Amiens Prison During the Raid.
Amiens Prison During the Raid.

According to new claims, a daring low-level air raid on a French prison that took place exactly 70 years ago today was part of an elaborate plan to mislead the Germans about the location of the D-Day landings. The raid on the prison at Amiens, which was codenamed Operation Jericho, became one of the most celebrated RAF missions of the Second World War despite the fact that 102 French civilians were killed.

At the time, the War Office stated that the raid was ordered because the Gestapo were planning to execute 120 captured members of the French Resistance being held in the prison, but research by Jean-Pierre Ducellier has found no evidence of impending executions and revealed that the vast majority of inmates were petty thieves and criminals, not members of the Resistance.
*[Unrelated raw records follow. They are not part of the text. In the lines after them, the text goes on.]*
(* Let $d\ge1$, let $\Sigma_{\mathrm{aug}}$ be a symmetric positive definite $d\times d$ matrix, let $C\ge1$, $\pi_1,\dots,\pi_C\in[0,1]$ with $\sum_c\pi_c=1$, $\mu_1,\dots,\mu_C\in\mathbb{R}^d$, and $\Sigma_1,\dots,\Sigma_C$ symmetric positive definite $d\times d$ matrices. Let the prior on $\bar z=(z,z')$ be $$p_\psi(\bar z)=\varphi\big(0;\,z-z',\,2\Sigma_{\mathrm{aug}}\big)\sum_{c=1}^C\pi_c\,\varphi\Big(\tfrac{z+z'}{2};\,\mu_c,\,\Sigma_c+\tfrac12\Sigma_{\mathrm{aug}}\Big).$$ Let $\mu_x,\mu_{x'}\in\mathbb{R}^d$, let $\Sigma_x,\Sigma_{x'}$ be positive definite diagonal $d\times d$ matrices, and let $q(\bar z\mid\bar x)=\varphi(z;\mu_x,\Sigma_x)\,\varphi(z';\mu_{x'},\Sigma_{x'})$. Let $p_\theta(\bar x\mid\bar z)$ be a conditional likelihood and $\mathcal{L}(\bar x)=\mathbb{E}_{\bar z\sim q(\bar z\mid\bar x)}[\log p_\theta(\bar x\mid\bar z)]-D_{\mathrm{KL}}(q(\bar z\mid\bar x)\,\|\,p_\psi(\bar z))$. Then $$\mathcal{L}(\bar x)=\mathbb{E}_{q(\bar z\mid\bar x)}\big[\log p_\theta(\bar x\mid\bar z)\big]+\mathbb{E}_{q(\bar z\mid\bar x)}\Big[\log\sum_{c=1}^C\pi_c\,\varphi\Big(\tfrac{z+z'}{2};\mu_c,\Sigma_c+\tfrac12\Sigma_{\mathrm{aug}}\Big)\Big]$$ $$-\tfrac14\Big\{\operatorname{Tr}\big(\Sigma_{\mathrm{aug}}^{-1}(\Sigma_x+\Sigma_{x'})\big)+(\mu_x-\mu_{x'})^\top\Sigma_{\mathrm{aug}}^{-1}(\mu_x-\mu_{x'})\Big\}+\tfrac12\big(\log\det\Sigma_x+\log\det\Sigma_{x'}\big)+d+\tfrac d2\log\pi-\tfrac12\log\det\Sigma_{\mathrm{aug}}.$$
   Context: For $v,m\in\mathbb{R}^d$ and a symmetric positive definite matrix $S$, $\varphi(v;m,S)=\exp(-\tfrac12(v-m)^\top S^{-1}(v-m))/\sqrt{\det(2\pi S)}$ is the Gaussian density. $\bar x=(x,x')$ is a pair of data points, and $D_{\mathrm{KL}}(q\|p)=\mathbb{E}_q[\log q-\log p]$. This prior is the marginal of $\int\varphi(z;\tilde z,\Sigma_{\mathrm{aug}})\varphi(z';\tilde z,\Sigma_{\mathrm{aug}})\sum_c\pi_c\varphi(\tilde z;\mu_c,\Sigma_c)\,d\tilde z$. *)

theory Defs
  imports "HOL-Analysis.Analysis"
begin

definition sym_posdef :: "real^'n^'n \<Rightarrow> bool" where
  "sym_posdef S \<longleftrightarrow> transpose S = S \<and> (\<forall>x. x \<noteq> 0 \<longrightarrow> x \<bullet> (S *v x) > 0)"

definition posdef_diag :: "real^'n^'n \<Rightarrow> bool" where
  "posdef_diag S \<longleftrightarrow> (\<forall>i j. i \<noteq> j \<longrightarrow> S$i$j = 0) \<and> (\<forall>i. S$i$i > 0)"

definition gauss_pdf :: "real^'n \<Rightarrow> real^'n \<Rightarrow> real^'n^'n \<Rightarrow> real" where
  "gauss_pdf v m S =
     exp (- (1/2) * ((v - m) \<bullet> (matrix_inv S *v (v - m)))) / sqrt (det ((2 * pi) *\<^sub>R S))"

definition expect :: "('a::euclidean_space \<Rightarrow> real) \<Rightarrow> ('a \<Rightarrow> real) \<Rightarrow> real" where
  "expect q f = (\<integral>z. q z * f z \<partial>lborel)"

definition KL_div :: "('a::euclidean_space \<Rightarrow> real) \<Rightarrow> ('a \<Rightarrow> real) \<Rightarrow> real" where
  "KL_div q p = expect q (\<lambda>z. ln (q z) - ln (p z))"

definition mix_term ::
  "real^'n^'n \<Rightarrow> nat \<Rightarrow> (nat \<Rightarrow> real) \<Rightarrow> (nat \<Rightarrow> real^'n) \<Rightarrow> (nat \<Rightarrow> real^'n^'n)
     \<Rightarrow> ((real^'n) \<times> (real^'n)) \<Rightarrow> real" where
  "mix_term Saug C pic mu Sc zz =
     (\<Sum>c<C. pic c * gauss_pdf ((1/2) *\<^sub>R (fst zz + snd zz)) (mu c) (Sc c + (1/2) *\<^sub>R Saug))"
He believes that the raid by Mosquito fighter bombers was part of Operation Fortitude, the plan to convince Hitler that the Allies were planning to invade Europe via the Pas-de-Calais.

Soon after the raid, stories were spread in France that it had been carried out to stop the Gestapo questioning a captured secret agent who knew the date of the invasion. Part of the plan was to feed misinformation to the Germans as to where the D-Day landings were going to be. The British couldn’t say that they had been prepared to sacrifice the lives of 100 French men, so they instead fed the idea that they were saving the lives of the French Resistance. In his book, Ducellier says “It is highly improbable, given the level of security surrounding the planning for D-Day, that anyone with highly classified knowledge would have been placed in a position where he might risk capture”.

A plaque at the prison is dedicated to those who died in the attack, and a general airfield memorial is at Hunsdon Airfield, the Mosquito’s base.